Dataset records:
lemma diversity_favouring_hvcI:
  assumes "r1 \<le> -1" and "r2 \<le> -1"
    and sum_le: "\<And>z. z \<in> space n \<Longrightarrow> fst (f z) + snd (f z) \<le> n"
    and front: "\<And>x. x \<in> pareto_set n f \<inter> S \<Longrightarrow>
      \<exists>k m. f x = (k, m) \<and> k + m = n \<and> 1 \<le> k \<and> 1 \<le> m
        \<and> f ` pareto_neighbours n f x = {(k - 1, m + 1), (k + 1, m - 1)}"
  shows "diversity_favouring n f (hvc f r1 r2) S"
  unfolding diversity_favouring_def
proof (intro allI impI ballI)
  fix P x y
  assume "population n f P"
    and x: "x \<in> P \<inter> pareto_set n f \<inter> S" and y: "y \<in> P \<inter> pareto_set n f \<inter> S"
    and "bad n f P x" and "good n f P y"
  then have "finite P" and non_dominated: "\<forall>a\<in>P. \<forall>b\<in>P. \<not> dominates f b a"
    and P_sum_le: "\<forall>z\<in>P. fst (f z) + snd (f z) \<le> n"
    using sum_le by (auto simp: population_def)
  obtain kx mx where "f x = (kx, mx)" "kx + mx = n" "1 \<le> kx" "1 \<le> mx"
    and x_neighbours: "f ` pareto_neighbours n f x = {(kx - 1, mx + 1), (kx + 1, mx - 1)}"
    using front x by blast
  have "{(kx - 1, mx + 1), (kx + 1, mx - 1)} \<subseteq> f ` P"
    using \<open>bad n f P x\<close> x x_neighbours by (simp add: bad_def good_iff_pareto_neighbours)
  then have "hvc f r1 r2 x P = 1"
    using hvc_eq_1[of x P f kx mx] x non_dominated P_sum_le \<open>finite P\<close> assms
      \<open>f x = (kx, mx)\<close> \<open>kx + mx = n\<close> \<open>1 \<le> kx\<close> \<open>1 \<le> mx\<close> by simp
  moreover obtain ky my where "f y = (ky, my)" "ky + my = n" "1 \<le> ky" "1 \<le> my"
    and y_neighbours: "f ` pareto_neighbours n f y = {(ky - 1, my + 1), (ky + 1, my - 1)}"
    using front y by blast
  have "\<not> {(ky - 1, my + 1), (ky + 1, my - 1)} \<subseteq> f ` P"
    using \<open>good n f P y\<close> y_neighbours by (simp add: good_iff_pareto_neighbours)
  then have "2 \<le> hvc f r1 r2 y P"
    using hvc_ge_2[of y P f ky my] y non_dominated P_sum_le \<open>finite P\<close> assms
      \<open>f y = (ky, my)\<close> \<open>ky + my = n\<close> \<open>1 \<le> ky\<close> \<open>1 \<le> my\<close> by simp
  ultimately show "hvc f r1 r2 x P < hvc f r1 r2 y P" by simp
qed

lemma hamming_neighbour_iff_flip:
  "hamming_neighbour x y \<longleftrightarrow> (\<exists>i < length x. y = x[i := \<not> x ! i])"
proof
  assume "hamming_neighbour x y"
  then have len: "length y = length x"
    and one_diff: "card {i. i < length x \<and> x ! i \<noteq> y ! i} = 1"
    by (auto simp: hamming_neighbour_def)
  obtain i where diff: "{i. i < length x \<and> x ! i \<noteq> y ! i} = {i}"
    using card_1_singletonE[OF one_diff] .
  then have "i < length x" by auto
  moreover have "y = x[i := \<not> x ! i]"
  proof (rule nth_equalityI)
    fix j assume "j < length y"
    then show "y ! j = x[i := \<not> x ! i] ! j"
      using len diff by (cases "j = i") (auto simp: nth_list_update)
  qed (simp add: len)
  ultimately show "\<exists>i < length x. y = x[i := \<not> x ! i]" by blast
next
  assume "\<exists>i < length x. y = x[i := \<not> x ! i]"
  then obtain i where "i < length x" "y = x[i := \<not> x ! i]" by blast
  then have "{j. j < length x \<and> x ! j \<noteq> y ! j} = {i}"
    by (auto simp: nth_list_update)
  then show "hamming_neighbour x y" using \<open>y = _\<close> by (simp add: hamming_neighbour_def)
qed

lemma count_list_flip:
  assumes "i < length x"
  shows "count_list (x[i := \<not> x ! i]) True
           = (if x ! i then count_list x True - 1 else Suc (count_list x True))"
proof -
  have "count_list x True = count_list (take i x @ x ! i # drop (Suc i) x) True"
    using id_take_nth_drop[OF assms] by simp
  then show ?thesis
    using assms by (simp add: upd_conv_take_nth_drop)
qed

lemma pareto_set_OneMinMax: "pareto_set n OneMinMax = space n"
proof -
  have "\<not> dominates OneMinMax y x" if "x \<in> space n" "y \<in> space n" for x y
    using that count_le_length[of x True] count_le_length[of y True]
    by (auto simp: space_def dominates_def OneMinMax_def)
  then show ?thesis by (auto simp: pareto_set_def)
qed

lemma count_list_True_pos_iff: "0 < count_list x True \<longleftrightarrow> True \<in> set x"
  using count_list_0_iff[of x True] by auto

lemma count_list_True_less_length_iff: "count_list x True < length x \<longleftrightarrow> False \<in> set x"
proof
  assume "count_list x True < length x"
  then have "filter ((=) True) x \<noteq> x" by (auto simp: count_list_eq_length_filter)
  then show "False \<in> set x" by (auto simp: filter_id_conv)
next
  assume "False \<in> set x"
  then have "length (filter ((=) True) x) < length x" by (rule length_filter_less) simp
  then show "count_list x True < length x" by (simp add: count_list_eq_length_filter)
qed

lemma True_False_in_set_if_non_constant:
  assumes "x \<in> space n - {replicate n False, replicate n True}"
  shows "True \<in> set x" and "False \<in> set x"
proof -
  have len: "length x = n" using assms by (simp add: space_def)
  show "True \<in> set x"
  proof (rule ccontr)
    assume "True \<notin> set x"
    then have "x = replicate n False" using len by (intro replicate_eqI) auto
    then show False using assms by simp
  qed
  show "False \<in> set x"
  proof (rule ccontr)
    assume "False \<notin> set x"
    then have "x = replicate n True" using len by (intro replicate_eqI) (auto, metis (full_types))
    then show False using assms by simp
  qed
qed

lemma OneMinMax_pareto_neighbours:
  assumes "x \<in> space n" and "True \<in> set x" and "False \<in> set x"
  defines "k \<equiv> count_list x True"
  shows "OneMinMax ` pareto_neighbours n OneMinMax x = {(k - 1, n - k + 1), (k + 1, n - k - 1)}"
proof -
  have len: "length x = n" using assms by (simp add: space_def)
  have "0 < k" using \<open>True \<in> set x\<close> count_list_True_pos_iff[of x] by (simp add: k_def)
  have "k < n" using \<open>False \<in> set x\<close> len count_list_True_less_length_iff[of x] by (simp add: k_def)
  have flip: "OneMinMax (x[i := \<not> x ! i])
      = (if x ! i then (k - 1, n - k + 1) else (k + 1, n - k - 1))" if "i < n" for i
    using that \<open>0 < k\<close> \<open>k < n\<close> len count_list_flip[of i x] by (auto simp: k_def OneMinMax_def)
  have "pareto_neighbours n OneMinMax x = (\<lambda>i. x[i := \<not> x ! i]) ` {..<n}"
    using len
    by (auto simp: pareto_neighbours_def pareto_set_OneMinMax hamming_neighbour_iff_flip space_def)
  then have "OneMinMax ` pareto_neighbours n OneMinMax x
      = (\<lambda>i. if x ! i then (k - 1, n - k + 1) else (k + 1, n - k - 1)) ` {..<n}"
    using flip by (simp add: image_image)
  moreover obtain i where "i < n" "x ! i"
    using \<open>True \<in> set x\<close> len by (auto simp: in_set_conv_nth)
  moreover obtain j where "j < n" "\<not> x ! j"
    using \<open>False \<in> set x\<close> len by (auto simp: in_set_conv_nth)
  ultimately show ?thesis by (auto intro: image_eqI[of _ _ i] image_eqI[of _ _ j])
qed

lemma nth_if_less_LO: "i < LO x \<Longrightarrow> x ! i"
  unfolding LO_def by (metis nth_mem set_takeWhileD takeWhile_nth)

lemma not_nth_if_ge_length_minus_TZ: "length x - TZ x \<le> i \<Longrightarrow> i < length x \<Longrightarrow> \<not> x ! i"
proof -
  assume "length x - TZ x \<le> i" "i < length x"
  then have "length x - Suc i < length (takeWhile Not (rev x))" by (simp add: TZ_def)
  then have "\<not> rev x ! (length x - Suc i)"
    by (metis nth_mem set_takeWhileD takeWhile_nth)
  then show "\<not> x ! i" using \<open>i < length x\<close> by (simp add: rev_nth Suc_diff_Suc)
qed

lemma LO_le_length: "LO x \<le> length x"
  unfolding LO_def by (rule length_takeWhile_le)

lemma TZ_le_length: "TZ x \<le> length x"
  unfolding TZ_def by (metis length_rev length_takeWhile_le)

lemma LO_plus_TZ_le: "LO x + TZ x \<le> length x"
proof (rule ccontr)
  assume "\<not> LO x + TZ x \<le> length x"
  then have "0 < LO x" using TZ_le_length[of x] by linarith
  from \<open>\<not> _\<close> have "length x - TZ x \<le> LO x - 1" "LO x - 1 < length x"
    using LO_le_length[of x] TZ_le_length[of x] by linarith+
  then show False
    using nth_if_less_LO[of "LO x - 1" x] not_nth_if_ge_length_minus_TZ \<open>0 < LO x\<close> by force
qed

lemma eq_replicate_LO_TZ:
  assumes "LO x + TZ x = length x"
  shows "x = replicate (LO x) True @ replicate (TZ x) False"
proof (rule nth_equalityI)
  fix i assume "i < length x"
  then show "x ! i = (replicate (LO x) True @ replicate (TZ x) False) ! i"
    using assms nth_if_less_LO[of i x] not_nth_if_ge_length_minus_TZ[of x i]
    by (auto simp: nth_append)
qed (use assms in simp)

definition ones_zeros :: "nat \<Rightarrow> nat \<Rightarrow> bool list" where
  "ones_zeros n i = replicate i True @ replicate (n - i) False"

lemma LOTZ_ones_zeros: "i \<le> n \<Longrightarrow> LOTZ (ones_zeros n i) = (i, n - i)"
  by (simp add: LOTZ_def LO_def TZ_def ones_zeros_def takeWhile_append)

lemma length_ones_zeros: "i \<le> n \<Longrightarrow> length (ones_zeros n i) = n"
  by (simp add: ones_zeros_def)

lemma nth_ones_zeros: "i \<le> n \<Longrightarrow> p < n \<Longrightarrow> ones_zeros n i ! p \<longleftrightarrow> p < i"
  by (simp add: ones_zeros_def nth_append)

lemma pareto_set_LOTZ: "pareto_set n LOTZ = ones_zeros n ` {..n}"
proof
  show "pareto_set n LOTZ \<subseteq> ones_zeros n ` {..n}"
  proof
    fix x assume x: "x \<in> pareto_set n LOTZ"
    then have len: "length x = n" by (simp add: pareto_set_def space_def)
    have "ones_zeros n (LO x) \<in> space n"
      using LO_le_length[of x] len by (simp add: length_ones_zeros space_def)
    then have "\<not> dominates LOTZ (ones_zeros n (LO x)) x"
      using x by (auto simp: pareto_set_def)
    moreover have "LOTZ (ones_zeros n (LO x)) = (LO x, n - LO x)"
      using LOTZ_ones_zeros LO_le_length[of x] len by simp
    ultimately have "\<not> TZ x < n - LO x" by (auto simp: dominates_def LOTZ_def)
    then have "LO x + TZ x = n" using LO_plus_TZ_le[of x] len by linarith
    then have "x = ones_zeros n (LO x)"
      using eq_replicate_LO_TZ[of x] len by (simp add: ones_zeros_def flip: \<open>LO x + TZ x = n\<close>)
    then show "x \<in> ones_zeros n ` {..n}" using LO_le_length[of x] len by auto
  qed
next
  show "ones_zeros n ` {..n} \<subseteq> pareto_set n LOTZ"
  proof
    fix x assume "x \<in> ones_zeros n ` {..n}"
    then obtain i where "i \<le> n" and x: "x = ones_zeros n i" by blast
    have "\<not> dominates LOTZ y x" if "y \<in> space n" for y
      using LO_plus_TZ_le[of y] that LOTZ_ones_zeros[OF \<open>i \<le> n\<close>]
      by (auto simp: x dominates_def LOTZ_def space_def)
    moreover have "x \<in> space n" using \<open>i \<le> n\<close> by (simp add: x length_ones_zeros space_def)
    ultimately show "x \<in> pareto_set n LOTZ" by (simp add: pareto_set_def)
  qed
qed

lemma hamming_neighbour_ones_zeros:
  assumes "i \<le> n" and "j \<le> n"
  shows "hamming_neighbour (ones_zeros n i) (ones_zeros n j) \<longleftrightarrow> i = j + 1 \<or> j = i + 1"
proof -
  have "{p. p < length (ones_zeros n i) \<and> ones_zeros n i ! p \<noteq> ones_zeros n j ! p}
      = {min i j..<max i j}"
    using assms by (auto simp: length_ones_zeros nth_ones_zeros)
  then have "hamming_neighbour (ones_zeros n i) (ones_zeros n j) \<longleftrightarrow> max i j - min i j = 1"
    using assms by (simp add: hamming_neighbour_def length_ones_zeros)
  then show ?thesis by linarith
qed

lemma LOTZ_pareto_neighbours:
  assumes "1 \<le> k" and "k < n"
  shows "LOTZ ` pareto_neighbours n LOTZ (ones_zeros n k)
           = {(k - 1, n - k + 1), (k + 1, n - k - 1)}"
proof -
  have "pareto_neighbours n LOTZ (ones_zeros n k) = ones_zeros n ` {k - 1, k + 1}"
  proof (intro equalityI subsetI)
    fix y assume "y \<in> pareto_neighbours n LOTZ (ones_zeros n k)"
    then obtain j where "j \<le> n" and "y = ones_zeros n j"
      and "hamming_neighbour (ones_zeros n k) (ones_zeros n j)"
      by (auto simp: pareto_neighbours_def pareto_set_LOTZ)
    moreover from this have "j = k - 1 \<or> j = k + 1"
      using hamming_neighbour_ones_zeros[of k n j] assms by auto
    ultimately show "y \<in> ones_zeros n ` {k - 1, k + 1}" by auto
  next
    fix y assume "y \<in> ones_zeros n ` {k - 1, k + 1}"
    then show "y \<in> pareto_neighbours n LOTZ (ones_zeros n k)"
      using hamming_neighbour_ones_zeros[of k n] assms
      by (auto simp: pareto_neighbours_def pareto_set_LOTZ)
  qed
  then show ?thesis using assms by (simp add: LOTZ_ones_zeros Suc_diff_le)
qed

lemma diversity_favouring_hvc_OneMinMax:
  assumes "r1 \<le> -1" and "r2 \<le> -1"
  shows "diversity_favouring n OneMinMax (hvc OneMinMax r1 r2)
           (space n - {replicate n False, replicate n True})"
proof (rule diversity_favouring_hvcI[OF assms])
  show "fst (OneMinMax z) + snd (OneMinMax z) \<le> n" if "z \<in> space n" for z
    using that count_le_length[of z True] by (simp add: OneMinMax_def space_def)
next
  fix x assume x: "x \<in> pareto_set n OneMinMax \<inter> (space n - {replicate n False, replicate n True})"
  then have "True \<in> set x" and "False \<in> set x" and "length x = n"
    using True_False_in_set_if_non_constant by (auto simp: space_def)
  then show "\<exists>k m. OneMinMax x = (k, m) \<and> k + m = n \<and> 1 \<le> k \<and> 1 \<le> m
      \<and> OneMinMax ` pareto_neighbours n OneMinMax x = {(k - 1, m + 1), (k + 1, m - 1)}"
    using OneMinMax_pareto_neighbours[of x n] x count_list_True_pos_iff[of x]
      count_list_True_less_length_iff[of x]
    by (auto simp: OneMinMax_def space_def)
qed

YOUR OBJECTIVE: Retype only this portion of the data above: the line containing "TZ x = length", the line containing "using LO_plus_TZ_le[of y]", and all lines between them, exactly.

OUTPUT OF THE TASK:
  assumes "LO x + TZ x = length x"
  shows "x = replicate (LO x) True @ replicate (TZ x) False"
proof (rule nth_equalityI)
  fix i assume "i < length x"
  then show "x ! i = (replicate (LO x) True @ replicate (TZ x) False) ! i"
    using assms nth_if_less_LO[of i x] not_nth_if_ge_length_minus_TZ[of x i]
    by (auto simp: nth_append)
qed (use assms in simp)

definition ones_zeros :: "nat \<Rightarrow> nat \<Rightarrow> bool list" where
  "ones_zeros n i = replicate i True @ replicate (n - i) False"

lemma LOTZ_ones_zeros: "i \<le> n \<Longrightarrow> LOTZ (ones_zeros n i) = (i, n - i)"
  by (simp add: LOTZ_def LO_def TZ_def ones_zeros_def takeWhile_append)

lemma length_ones_zeros: "i \<le> n \<Longrightarrow> length (ones_zeros n i) = n"
  by (simp add: ones_zeros_def)

lemma nth_ones_zeros: "i \<le> n \<Longrightarrow> p < n \<Longrightarrow> ones_zeros n i ! p \<longleftrightarrow> p < i"
  by (simp add: ones_zeros_def nth_append)

lemma pareto_set_LOTZ: "pareto_set n LOTZ = ones_zeros n ` {..n}"
proof
  show "pareto_set n LOTZ \<subseteq> ones_zeros n ` {..n}"
  proof
    fix x assume x: "x \<in> pareto_set n LOTZ"
    then have len: "length x = n" by (simp add: pareto_set_def space_def)
    have "ones_zeros n (LO x) \<in> space n"
      using LO_le_length[of x] len by (simp add: length_ones_zeros space_def)
    then have "\<not> dominates LOTZ (ones_zeros n (LO x)) x"
      using x by (auto simp: pareto_set_def)
    moreover have "LOTZ (ones_zeros n (LO x)) = (LO x, n - LO x)"
      using LOTZ_ones_zeros LO_le_length[of x] len by simp
    ultimately have "\<not> TZ x < n - LO x" by (auto simp: dominates_def LOTZ_def)
    then have "LO x + TZ x = n" using LO_plus_TZ_le[of x] len by linarith
    then have "x = ones_zeros n (LO x)"
      using eq_replicate_LO_TZ[of x] len by (simp add: ones_zeros_def flip: \<open>LO x + TZ x = n\<close>)
    then show "x \<in> ones_zeros n ` {..n}" using LO_le_length[of x] len by auto
  qed
next
  show "ones_zeros n ` {..n} \<subseteq> pareto_set n LOTZ"
  proof
    fix x assume "x \<in> ones_zeros n ` {..n}"
    then obtain i where "i \<le> n" and x: "x = ones_zeros n i" by blast
    have "\<not> dominates LOTZ y x" if "y \<in> space n" for y
      using LO_plus_TZ_le[of y] that LOTZ_ones_zeros[OF \<open>i \<le> n\<close>]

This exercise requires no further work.